The truck driver began working for the company in 2006. After suffering a minor stroke in 2013 and disclosing it during his annual driver physical examination, he was unable to renew his required Department of Transportation (DOT) medical examiner’s certificate. During the nine month period when he was without a certificate, he sought unsuccessfully to be treated the same as workers who couldn’t drive because of convictions for driving while intoxicated. Subsequently, a collective bargaining agreement (CBA) between the company and the Teamsters union formalized the policy of paying drivers who are reassigned to nondriving work due to disability 10% less than drivers who are reassigned for nonmedical reasons.

The EEOC seeks monetary relief for the truck driver, as well as a judgment and order requiring the company to implement policies and practices to prevent future discrimination, including modifying the current CBA with the Teamsters. “Employers must treat employees with disabilities the same as those without disabilities when issuing workplace benefits,” states the EEOC.

Bottom Line

These cases represent just a sampling of current issues before the EEOC. While most employers seek to operate appropriately, a review of these matters can serve as a heads-up when problems exist. Prudence suggests that employers should take extra time to review their own employment policies and correct any practices that are questionable. Resolving those issues in-house is easier and less costly than waiting for the EEOC to be called in to take a look.

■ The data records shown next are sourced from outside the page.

definition Ssum :: "real \<Rightarrow> nat \<Rightarrow> (nat \<Rightarrow> real) \<Rightarrow> nat \<Rightarrow> real" where
  "Ssum h n mu k = (\<Sum>j=1..n. \<Prod>i<j. 1 / \<bar>1 + h * mu ((k + i) mod n)\<bar>)"

definition K0 :: "real \<Rightarrow> nat \<Rightarrow> (nat \<Rightarrow> real) \<Rightarrow> real" where
  "K0 h n mu = h * \<bar>dexp h mu n\<bar> / \<bar>1 - \<bar>dexp h mu n\<bar>\<bar> * Max {Ssum h n mu k | k. k < n}"

definition HU_stable :: "((nat \<Rightarrow> real) \<Rightarrow> nat \<Rightarrow> real) \<Rightarrow> (nat \<Rightarrow> real) \<Rightarrow> real \<Rightarrow> bool" where
  "HU_stable L f K \<longleftrightarrow> K > 0 \<and>
     (\<forall>\<epsilon>>0. \<forall>\<xi>. (\<forall>t. \<bar>L \<xi> t - f t\<bar> \<le> \<epsilon>) \<longrightarrow>
        (\<exists>y. (\<forall>t. L y t = f t) \<and> (\<forall>t. \<bar>\<xi> t - y t\<bar> \<le> K * \<epsilon>)))"

end

theory Submission
  imports Defs
begin

text \<open>The operator factors as \<open>(\<Delta>\<^sub>h - \<lambda>(t + h)) (\<Delta>\<^sub>h + \<lambda>(t))\<close>, and Hyers-Ulam
  stability composes: if the outer factor is stable with constant \<open>K\<^sub>2\<close> and the inner one with
  constant \<open>K\<^sub>1\<close> for every right-hand side, the product is stable with \<open>K\<^sub>2 K\<^sub>1\<close>. So it
  suffices to treat \<open>\<Delta>\<^sub>h w = \<mu> w + q\<close> with an \<open>n\<close>-periodic \<open>\<mu>\<close>, \<open>1 + h \<mu> \<noteq> 0\<close>, whose
  solutions are \<open>w(t) = h e\<^sub>\<mu>(t) (\<Sum>\<^bsub>s<t\<^esub> q(s) / e\<^sub>\<mu>(s + h) - c)\<close>.
  Since \<open>e\<^sub>\<mu>(t + n h) = e\<^sub>\<mu>(t) e\<^sub>\<mu>(n h)\<close>, the weights \<open>|e\<^sub>\<mu>(t) / e\<^sub>\<mu>(s + h)|\<close> over one period
  ahead of \<open>t\<close> add up to \<open>S\<^bsub>t mod n\<^esub>\<close>, and moving a window by one period scales them by
  \<open>|e\<^sub>\<mu>(n h)|\<^bsup>\<plusminus>1\<^esup>\<close>. If \<open>|e\<^sub>\<mu>(n h)| < 1\<close> take \<open>c = 0\<close>, so that only past weights occur; if
  \<open>|e\<^sub>\<mu>(n h)| > 1\<close> take \<open>c\<close> the full series, so that only future weights occur. Either way they
  form a geometric series and \<open>|w| \<le> K\<^sub>0(\<mu>) \<epsilon>\<close>. The inner factor has \<open>\<mu> = -\<lambda>\<close>, the outer one
  \<open>\<mu> = \<lambda>(\<cdot> + h)\<close>, and a shift does not change \<open>K\<^sub>0\<close>.\<close>

lemma sum_lessThan_add:
  "(\<Sum>j<m + k. f j) = (\<Sum>j<m. f j) + (\<Sum>j<k. f (m + j))"
  for f :: "nat \<Rightarrow> 'a::comm_monoid_add"
  by (induction k) (simp_all add: add.assoc)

Payroll Partners is committed to helping clients stay informed about payroll and human resource news, developments and current events. This article is intended to provide readers with general information on human resources matters. The article does not constitute, and should not be treated as professional advice regarding the use of any particular human resources practice. All efforts have been made to assure the accuracy of the information. Payroll Partners does not assume responsibility for any individual’s reliance upon the information provided in the article. Readers should independently verify all information before applying it to a particular fact situation, and should independently determine the impact of any particular human resources practice. If you are seeking human resources advice, you are encouraged to consult a human resources professional.